Immersed Boundary Method Results

A simple example of the new Immersed Boundary Method model is the discharge of water from a 1m-diameter circular orifice. The water container is 10m long by 10m wide, and the initial elevation of the water surface to the center of the orifice is 6m. The drop of the elevation, h, and the volume flow rate at the orifice, Q, follow the quadratic and linear curves, respectively, as shown in the animation. Based on the equation $latex {{C}_{d}}=\frac{{4Q}}{{\pi {{d}^{2}}\sqrt{{2gh}}}}$, the average coefficient of discharge Cd for the simulation is 0.660, which is about 8% larger than the asymptotic value of 0.611 (Swamee and Swamee, 2010). 

Another example is the calculation of the total resistance force on a NAVY vessel model hull. In this case, the hull length is 5.72m, and the draft is 0.248m. Based on the hull length and mean flow velocity of 2.10m/s, the Reynolds number in the simulation is approximately 12×106. Because the problem is symmetric, only half of the hull is modeled. The computational domain is 30m long by 8m wide and 5.5m deep. The experimentally obtained average total resistance force for half of the hull is 22.62N (Larsson et al. 2003). The average force was 22.43N, only 0.8% lower for the immersed boundary solver. In addition, the immersed boundary solver finished in about 40 hours, which is 8 hours faster than the standard solver.

References

Hirt, C., & Sicilian, J. (1985). A porosity technique for the definition of obstacles in rectangular cell meshes. International Conference on Numerical Ship Hydrodynamics, 4th. Washington, D.C.

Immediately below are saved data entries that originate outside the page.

lemma Irep_eq_imp_eq_step:
  assumes D: "derivation D" and eq: "Irep D n b I = Irep D n b J"
    and k: "2 \<le> k" "k \<le> n" and below: "\<And>k'. 2 \<le> k' \<Longrightarrow> k' < k \<Longrightarrow> I k' = J k'"
  shows "I k = (J k :: 'a::rat_ring)"
proof -
  let ?c = "\<lambda>k'. coeff (ore_pow D (opD + opC b) (n - k')) (n - k)"
  have term_diff: "of_nat (n choose k') * I k' * ?c k' - of_nat (n choose k') * J k' * ?c k'
      = (if k' = k then of_nat (n choose k) * (I k - J k) else 0)" if "k' \<in> {2..n}" for k'
  proof -
    consider "k' < k" | "k' = k" | "k < k'" by linarith
    then show ?thesis
    proof cases
      case 1
      then show ?thesis using below that by auto
    next
      case 2
      then show ?thesis by (simp add: coeff_ore_pow_opD_plus_opC_top[OF D] algebra_simps)
    next
      case 3
      then show ?thesis using that k by (simp add: coeff_ore_pow_opD_plus_opC_above[OF D])
    qed
  qed
  have "0 = (\<Sum>k'=2..n. of_nat (n choose k') * I k' * ?c k' - of_nat (n choose k') * J k' * ?c k')"
    using arg_cong[OF eq, of "\<lambda>M. coeff M (n - k)"] by (simp add: coeff_Irep sum_subtractf)
  also have "\<dots> = of_nat (n choose k) * (I k - J k)"
    using k by (simp add: term_diff)
  finally have "of_nat (n choose k) * (I k - J k) = of_nat (n choose k) * 0" by simp
  from of_nat_mult_left_cancel[OF _ this] k show ?thesis by simp
qed

lemma Irep_inj:
  assumes "derivation D" and "Irep D n b I = Irep D n b J"
    and "\<And>k. k < 2 \<or> n < k \<Longrightarrow> I k = 0" and "\<And>k. k < 2 \<or> n < k \<Longrightarrow> J k = (0::'a::rat_ring)"
  shows "I = J"
proof
  fix k
  show "I k = J k"
  proof (induction k rule: less_induct)
    case (less k)
    then show ?case
      using assms Irep_eq_imp_eq_step[OF assms(1,2), of k] by (cases "k < 2 \<or> n < k") auto
  qed
qed

lemma Irep_restrict: "Irep D n b I = Irep D n b (\<lambda>k. if 2 \<le> k \<and> k \<le> n then I k else 0)"
  unfolding Irep_def by (intro arg_cong2[where f="(+)"] refl sum.cong) auto

lemma Iinv_Irep:
  assumes "derivation D" and "2 \<le> k" and "k \<le> n"
  shows "Iinv D n k (Irep D n b I) = (I k :: 'a::rat_ring)"
proof -
  let ?J = "\<lambda>k. if 2 \<le> k \<and> k \<le> n then I k else 0"
  have "n \<ge> 1" using assms(2,3) by simp
  have "Icoefs D n (Irep D n b I) = ?J"
    unfolding Icoefs_def first_coeff_Irep[OF assms(1) \<open>n \<ge> 1\<close>]
  proof (intro the_equality)
    show "Irep D n b ?J = Irep D n b I \<and> (\<forall>k. k < 2 \<or> n < k \<longrightarrow> ?J k = 0)"
      using Irep_restrict[of D n b I] by auto
  next
    fix J assume "Irep D n b J = Irep D n b I \<and> (\<forall>k. k < 2 \<or> n < k \<longrightarrow> J k = 0)"
    then show "J = ?J"
      using Irep_restrict[of D n b I] by (intro Irep_inj[OF assms(1), of n b]) auto
  qed
  then show ?thesis using assms(2,3) by (simp add: Iinv_def)
qed

lemma first_coeff_Lstar:
  assumes "derivation D" and "n \<ge> 1"
  shows "first_coeff n (Lstar D n a u) = (a 1 - u :: 'a::rat_ring)"
  unfolding Lstar_def using assms by (rule first_coeff_Irep)

lemma Iinv_Lstar:
  assumes "derivation D" and "2 \<le> k" and "k \<le> n"
  shows "Iinv D n k (Lstar D n a u) = (Iinv D n k (Lop n a) :: 'a::rat_ring)"
  unfolding Lstar_def using assms by (rule Iinv_Irep)

lemma comm_diff_right: "comm u (x - y) = comm u x - comm u y"
  unfolding comm_def by (simp add: algebra_simps)

lemma Delta_diff_left: "Delta D (b - u) x = Delta D b x - comm u x"
  unfolding Delta_def comm_def by (simp add: algebra_simps)

lemma Delta_diff:
  assumes "derivation D"
  shows "Delta D b (x - y) = Delta D b x - Delta D b y"
  unfolding Delta_def comm_def by (simp add: derivation_diff[OF assms] algebra_simps)

lemma Delta_comm:
  assumes "derivation D"
  shows "Delta D b (comm u x) = comm (Delta D b u) x + comm u (Delta D b x)"
  unfolding Delta_def comm_def
  by (simp add: derivation_diff[OF assms] derivation_mult[OF assms] algebra_simps)

lemma Delta_diff_left_twice:
  assumes "derivation D"
  shows "Delta D (b - u) (Delta D (b - u) x) =
    Delta D b (Delta D b x) - comm (Delta D b u) x - 2 * comm u (Delta D b x) + comm u (comm u x)"
  by (simp add: Delta_diff_left Delta_diff[OF assms] Delta_comm[OF assms] comm_diff_right
      mult_2 algebra_simps)

theorem mainTheorem12:
  fixes D :: "'a::rat_ring \<Rightarrow> 'a" and n :: nat and a :: "nat \<Rightarrow> 'a" and u :: 'a
  assumes "derivation D" and "n \<ge> 3" and "a 0 = 1"
  shows "W2 D n (Lstar D n a u) = W2 D n (Lop n a)
    \<and> W3 D n (Lstar D n a u) = W3 D n (Lop n a) + qK 3 2 * comm u (W2 D n (Lop n a))
    \<and> (n \<ge> 4 \<longrightarrow>
        W4 D n (Lstar D n a u) = W4 D n (Lop n a) + 2 * comm u (Iinv D n 3 (Lop n a))
          + qK 6 5 * (comm u (comm u (W2 D n (Lop n a)))
                      - comm (Delta D (a 1) u) (W2 D n (Lop n a))
                      - 2 * comm u (Delta D (a 1) (W2 D n (Lop n a)))))"
proof -
  have first: "first_coeff n (Lstar D n a u) = a 1 - u" "first_coeff n (Lop n a) = a 1"
    using assms(1,2) by (simp_all add: first_coeff_Lstar first_coeff_Lop)
  have I2: "Iinv D n 2 (Lstar D n a u) = Iinv D n 2 (Lop n a)"
    and I3: "Iinv D n 3 (Lstar D n a u) = Iinv D n 3 (Lop n a)"
    using assms(1,2) by (simp_all add: Iinv_Lstar)
  show ?thesis
  proof (intro conjI impI)
    show "W2 D n (Lstar D n a u) = W2 D n (Lop n a)"
      by (simp add: W2_def I2)
    show "W3 D n (Lstar D n a u) = W3 D n (Lop n a) + qK 3 2 * comm u (W2 D n (Lop n a))"
      by (simp add: W3_def W2_def first I2 I3 Delta_diff_left algebra_simps)
  next
    assume "n \<ge> 4"
    then have I4: "Iinv D n 4 (Lstar D n a u) = Iinv D n 4 (Lop n a)"
      using assms(1) by (simp add: Iinv_Lstar)
    show "W4 D n (Lstar D n a u) = W4 D n (Lop n a) + 2 * comm u (Iinv D n 3 (Lop n a))
          + qK 6 5 * (comm u (comm u (W2 D n (Lop n a)))
                      - comm (Delta D (a 1) u) (W2 D n (Lop n a))
                      - 2 * comm u (Delta D (a 1) (W2 D n (Lop n a))))"
      unfolding W4_def W2_def first I2 I3 I4 Delta_diff_left_twice[OF assms(1)]
      by (simp add: Delta_diff_left algebra_simps)
  qed
qed

end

Hirt, C. (1993). Volume-fraction techniques: powerful tools for wind engineering. Journal of Wind Engineering and Industrial Aerodynamics, 46 & 47, 327-338.

Mittal, R., Dong, H., Bozkurttas, M., Najjar, F., Vargas, A., & von Loebbecke, A. (2008). A versatile sharp interface immersed boundary method for incompressible flows with complex boundaries. Journal of computational physics, 227(10), 4825-4852.

Swamee, P., & Swamee , N., (2010). Discharge equation of a circular sharp-crested orifice. Journal of Hydraulic Research, 48(1), 106-107.